哈爾濱的飲食習慣也充滿了洋味。就是現在,不少年齡稍大一些的漢子,還這樣對自己的孩子說:“去,到食雜店買兩瓶比瓦和半斤力道斯去。”就是在今天,俄式“蘇波”(湯),仍是這個城市的人們最喜歡喝的湯,他們做得也很在行,味道也很純正。

據哈爾濱有關文字記載,哈爾濱興盛時期,僑居在哈爾濱的外國人就有美、俄、英、法、捷、意、羅、匈、瑞士、南斯拉夫、丹麥、奧地利、希臘、土耳其、葡萄牙、瑞典、伊朗、朝鮮、日本等十幾個國家。最多的時候,僑民達幾萬人。

有人說哈爾濱是一座國際都市,看來是有一定道理的。

就是在今天,在絕大多數僑民離開這座城市十幾年之後,哈爾濱的青年男女還熱衷於過聖誕節,講究一種歐式的情調;即使是在-30℃的嚴寒季節,哈爾濱的女孩子也像歐洲姑娘一樣,喜歡穿著長長的呢裙,再穿上高筒皮靴,邊走邊吃著冰淇淋;這兒的男人和女人仍舊保持著用大杯喝啤酒的習慣;中老年人依舊像當年的俄國人那樣,喜歡冬泳、打獵……同時這座城市人們的某些生活作風,卻與自己先祖始終有著很大的相似之處。雍正皇帝曾經這樣評價過這裏的人們:

“……多有以口腹之故,而鬻房賣產者,即如每飯必欲食肉,將一月所得錢糧,不過多食肉數次,即罄盡矣,又將每季米石,不思存貯備用,違背禁令,以賤價盡行糶賣,沽酒市肉,恣用無餘,以致闔家匱乏,凍餒交迫,尚自誇張,謂我從前食美物,服鮮衣,並不悔悟,所以致此固窮,乃以美食鮮衣故也。”這意思就是說“今朝有酒今朝醉,明朝沒酒現掂對”。

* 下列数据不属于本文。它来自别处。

lemma nice_fun_name_decided:
  assumes complete: "quot_complete K I" and small: "|Pow N| <o |K|"
    and "p \<in> forcing_set K I" and nice: "nice_fun_name (forcing_set K I) (leI K I) p N (Pow N) A lab"
  shows "\<exists>q\<in>forcing_set K I. leI K I q p \<and>
    (\<exists>g. (\<forall>\<alpha>\<in>N. g \<alpha> \<in> Pow N) \<and> forces_fun_eq (forcing_set K I) (leI K I) q N A lab g)"
proof -
  obtain P where P: "P \<subseteq> K" "P \<notin> I" "p = cls K I P"
    using \<open>p \<in> forcing_set K I\<close> unfolding forcing_set_iff by blast
  obtain B where B: "\<And>\<alpha> l. \<alpha> \<in> N \<Longrightarrow> represents_Sup {r\<in>A \<alpha>. lab \<alpha> r = l} (B \<alpha> l)"
    using nice_fun_name_represents_Sup_exists[OF complete nice] by blast
  define E where "E = (\<Union>\<alpha>\<in>N. P - (\<Union>l\<in>Pow N. B \<alpha> l))"
  have "E \<in> I" unfolding E_def
    using card_of_ordLess_of_Pow_ordLess[OF small] P(1) nice[unfolded P(3)] B
    by (rule nice_fun_name_covers_mod_ideal)
  have "P - E \<notin> I"
  proof
    assume "P - E \<in> I"
    then have "(P - E) \<union> E \<in> I" using \<open>E \<in> I\<close> by (rule ideal_Un)
    then have "P \<in> I" by (rule ideal_subset) blast
    with P(2) show False by contradiction
  qed
  moreover have "|Pow (N \<times> N)| <o |K|" by (rule card_of_Pow_Times_self_ordLess[OF infinite_K small])
  moreover have "\<exists>l\<in>Pow N. x \<in> B \<alpha> l" if "x \<in> P - E" "\<alpha> \<in> N" for x \<alpha>
    using that unfolding E_def by blast
  ultimately have "\<exists>C\<subseteq>P - E. C \<notin> I \<and> (\<exists>g. \<forall>\<alpha>\<in>N. g \<alpha> \<in> Pow N \<and> C \<subseteq> B \<alpha> (g \<alpha>))"
    by (rule positive_subset_uniform_choice)
  then obtain C g where C: "C \<subseteq> P - E" "C \<notin> I"
    and g: "\<forall>\<alpha>\<in>N. g \<alpha> \<in> Pow N \<and> C \<subseteq> B \<alpha> (g \<alpha>)"
    by blast
  have C_sub: "\<And>\<alpha>. \<alpha> \<in> N \<Longrightarrow> C \<subseteq> B \<alpha> (g \<alpha>)" using g by blast
  have "C \<subseteq> K" using C(1) P(1) by blast
  have "C - P \<in> I" by (rule ideal_subset[OF empty_in_ideal]) (use C(1) in blast)
  then have "cls K I C \<in> forcing_set K I" "leI K I (cls K I C) p"
    unfolding forcing_set_iff P(3) leI_cls_iff[OF \<open>C \<subseteq> K\<close> P(1)]
    using C(2) \<open>C \<subseteq> K\<close> by blast+
  moreover have "\<forall>\<alpha>\<in>N. g \<alpha> \<in> Pow N" using g by blast
  moreover have "forces_fun_eq (forcing_set K I) (leI K I) (cls K I C) N A lab g"
    by (rule nice_fun_name_forced_value[OF nice B C(2) C_sub])
  ultimately show ?thesis by blast
qed

end

theorem proposition1p4:
  fixes K :: "'a set" and I :: "'a set set" and N :: "'b set"
  assumes "\<not> countable K"
    and "ideal_over K I"
    and "quot_complete K I"
    and "(card_of (Pow N), card_of K) \<in> ordLess"
  shows "adds_no_new_functions (forcing_set K I) (leI K I) N (Pow N)"
proof -
  interpret ideal_quotient K I
    using assms(1,2) countable_finite by unfold_locales blast+
  show ?thesis
    unfolding adds_no_new_functions_def
    by (intro ballI allI impI nice_fun_name_decided[OF assms(3,4)])
qed

end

這個城市的男人們,性格強悍。可能會因為很小的一件事,三句話說不來,雙方立刻動手,僅僅拳腳相加還是“文明”的,更有甚者常常是幾句爭吵之後,上去就是一刀。不似南方人,兩個人吵架,多為君子狀,“君子動口,不動手”,而且越吵雙方走得越遠。這就是哈爾濱,一個奇怪的結合體,一個邊城的畫像。她的體內充斥了傳統與現代,土氣和洋氣,保守與冒險的雙重氣質。但不管怎麼說,有一點很重要,她很年輕。

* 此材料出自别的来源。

lemma tree_aut_iota: "tree_aut (iota n \<alpha> \<beta>)"
proof (rule tree_autI_involution)
  show "iota n \<alpha> \<beta> \<circ> iota n \<alpha> \<beta> = id" by auto
  show "iota n \<alpha> \<beta> (take k x) = take k (iota n \<alpha> \<beta> x)" for k x
    by (induction n \<alpha> \<beta> x arbitrary: k rule: iota.induct)
      (auto simp: take_Cons' tree_aut_take[OF tree_aut_flipa])
qed simp

lemma restr_iota_False: "restr (iota n \<alpha> \<beta>) [False] = (if trace n \<beta> = 1 then flipa else id)"
  by (auto simp: restr_def)

lemma restr_iota_True: "restr (iota n \<alpha> \<beta>) [True] = iota n \<alpha> (\<alpha> * \<beta>)"
  by (auto simp: restr_def)

lemma iota_zero: "iota n \<alpha> (0::'f::field) = id"
proof
  have "\<beta> = 0 \<Longrightarrow> iota n \<alpha> \<beta> x = x" for \<beta> :: 'f and x
    by (induction n \<alpha> \<beta> x rule: iota.induct) (auto simp: trace_def power_0_left)
  then show "iota n \<alpha> 0 x = id x" for x by simp
qed

lemma Ggrp_tree_aut: "g \<in> Ggrp n \<alpha> \<Longrightarrow> tree_aut g"
  by (induction rule: Ggrp.induct)
    (blast intro: tree_aut_id tree_aut_flipa tree_aut_iota tree_aut_comp tree_aut_inv)+

section \<open>Contraction onto the nucleus\<close>

definition nucleus :: "nat \<Rightarrow> 'f::field \<Rightarrow> taut set" where
  "nucleus n \<alpha> = insert flipa (N0 n \<alpha>)"

lemma id_in_nucleus: "id \<in> nucleus n (\<alpha>::'f::field)"
  using iota_zero[of n \<alpha>] by (auto simp: nucleus_def N0_def intro: range_eqI[of _ _ 0])

lemma nucleus_tree_aut: "u \<in> nucleus n \<alpha> \<Longrightarrow> tree_aut u"
  by (auto simp: nucleus_def N0_def tree_aut_flipa tree_aut_iota)

lemma nucleus_inv:
  assumes "u \<in> nucleus n \<alpha>" shows "inv u = u"
proof -
  have "u \<circ> u = id"
    using assms by (auto simp: nucleus_def N0_def fun_eq_iff)
  from this this show ?thesis by (rule inv_unique_comp)
qed

lemma restr_letter_in_nucleus: "u \<in> nucleus n \<alpha> \<Longrightarrow> restr u [b] \<in> nucleus n \<alpha>"
  using id_in_nucleus[of n \<alpha>]
  by (cases b) (auto simp: nucleus_def N0_def restr_flipa restr_iota_False restr_iota_True)

lemma restr_in_nucleus: "u \<in> nucleus n \<alpha> \<Longrightarrow> restr u x \<in> nucleus n \<alpha>"
proof (induction x arbitrary: u)
  case (Cons b x)
  then show ?case
    using restr_append[of u "[b]" x] restr_letter_in_nucleus by fastforce
qed simp

context gf2n
begin

lemma iota_comp_iota: "iota n \<alpha> x \<circ> iota n \<alpha> y = iota n \<alpha> (x + y)"
proof
  fix w show "(iota n \<alpha> x \<circ> iota n \<alpha> y) w = iota n \<alpha> (x + y) w"
  proof (induction w arbitrary: x y)
    case (Cons b w)
    then show ?case
      using trace_add_eq_1_iff[of x y] by (cases b) (auto simp: distrib_left)
  qed simp
qed
text \<open>For l \<ge> 8, at an exceptional offset s the vertex v_(t-s) is closer to v_t than to u_0,
  which cancels the contribution of u_s.\<close>

lemma imbalance_term_exceptional_nonpos:
  assumes n: "24 < n" and t: "t < n" and l: "8 \<le> cyc line_uv n t"
    and s: "s \<in> set (exceptional_offsets n)"
  shows "imbalance_term n t s \<le> 0"
proof -
  obtain k where k: "k \<in> {1, 2, 3}" "s = k \<or> s = n - k"
    using s unfolding exceptional_offsets_def by auto
  have "cyc line_vv n s \<le> line_vv k" using k n by (auto simp: cyc_def)
  also have "line_vv k \<le> 4" using k(1) by (auto simp: line_vv_def)
  finally have vv: "cyc line_vv n s \<le> 4" .
  have "cyc line_uv n t \<le> cyc line_uv n ((t + n - s) mod n) + k"
    using k(2)
  proof
    assume "s = k"
    have "((t + n - s) mod n + k) mod n = (t + n - s + k) mod n" by (simp add: mod_add_left_eq)
    also have "t + n - s + k = t + n" using \<open>s = k\<close> k(1) n by auto
    finally have "((t + n - s) mod n + k) mod n = t" using t by simp
    then show ?thesis using cyc_line_uv_shift[of "(t + n - s) mod n" n k] n by simp
  next
    assume "s = n - k"
    moreover have "k < n" using k(1) n by auto
    ultimately have "(t + n - s) mod n = (t + k) mod n" by simp
    then show ?thesis using cyc_line_uv_shift[OF t, of k] by simp
  qed
  then have "4 < cyc line_uv n ((t + n - s) mod n)" using k(1) l by auto
  with vv show ?thesis unfolding imbalance_term_def by (auto simp: sgn_if)
qed

lemma imbalance_term_4j_neg:
  assumes n: "24 < n" and l: "8 \<le> l" "8 * l \<le> n + 20" and j: "j = l div 2"
    and t: "t < n" "4 * j \<le> t" "line_uv (t - 4 * j) = l - j"
  shows "imbalance_term n t (4 * j) < 0"
proof -
  have j1: "4 \<le> j" "2 * j \<le> l" "l \<le> 2 * j + 1" using j l by auto
  then have nj: "8 * j \<le> n" using l by linarith
  have "line_uu (4 * j) = j + 2" using j1 by (simp add: line_uu_def)
  moreover have "4 \<le> n - 4 * j" "j \<le> (n - 4 * j) div 4"
    using nj j1 by (auto simp: less_eq_div_iff_mult_less_eq)
  then have "j + 2 \<le> line_uu (n - 4 * j)" by (simp add: line_uu_def)
  ultimately have uu: "cyc line_uu n (4 * j) = j + 2" by (simp add: cyc_def)
  have vv: "cyc line_vv n (4 * j) \<le> j" by (simp add: cyc_def line_vv_def)
  have "(t + n - 4 * j) mod n = t - 4 * j" using t by (simp add: le_mod_geq)
  moreover have "cyc line_uv n (t - 4 * j) \<le> l - j" using t(3) by (simp add: cyc_def)
  moreover have "j \<le> cyc line_uv n (t - 4 * j)"
  proof -
    have "4 * j \<le> n - (t - 4 * j)" using t by linarith
    then have "j \<le> line_uv (n - (t - 4 * j))"
      using div_4_le_line(2)[of "n - (t - 4 * j)"] by linarith
    then show ?thesis using t(3) j1 by (simp add: cyc_def)
  qed
  ultimately show ?thesis using uu vv j1 unfolding imbalance_term_def by (auto simp: sgn_if)
qed
lemma distinguishing_labeling_transpose_eq:
  assumes "a \<in> V" "b \<in> V" and same_edges: "\<And>e. e \<in> M \<Longrightarrow> a \<in> e \<longleftrightarrow> b \<in> e"
    and "l (Inl a) = l (Inl b)"
  shows "a = b"
proof -
  have "transpose a b a = a"
  proof (rule distinguishing_labeling_involution_fixes[where \<pi> = "transpose a b"])
    show "transpose a b ` e \<in> M" if "e \<in> M" for e
      using that same_edges[OF that] by simp
    show "l (Inl (transpose a b x)) = l (Inl x)" if "x \<in> V" for x
      using \<open>l (Inl a) = l (Inl b)\<close> by (simp add: transpose_def)
  qed (use assms in \<open>simp_all add: transpose_def\<close>)
  then show ?thesis by simp
qed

是的,哈爾濱這個城市畢竟年輕。年輕,曆來是一種資本、一種希望、活力的象征。

盡管它還有些幼稚、天真、不成熟,還沒有意識到自己的某些缺陷和不足,但你無法無視它生氣勃勃的青春態式和積極的自省精神。

哈爾濱這座城市現在不過一百歲,若幹年後,哈爾濱一定會成為一座令人瞠目的先進城市,一顆名副其實的“東方之珠”。

提起東北人,就想起趙本山那張臉和那身土不拉嘰的行頭。難怪很多東北人並不怎麼喜歡老趙,東北人的幽默席卷海內,東北人的豪氣在杯盤狼藉中回蕩,但是笑過鬧過,喝過醉過之後,你卻發現,東北人依舊把自己裹得嚴嚴實實。有時候,你隻注意他們酒後滿臉的紅光,卻沒有發現他們眼中無惡意的狡黠。這很難說是一種自卑還是智慧,但卻一定是特色。北方人都豪放直爽,隻是各有各的豪放法。

東北人缺乏冒險精神,容易安於現狀。現在要“振興東北”,關鍵在東北人。麵臨新形勢,東北人應該改變一下自己。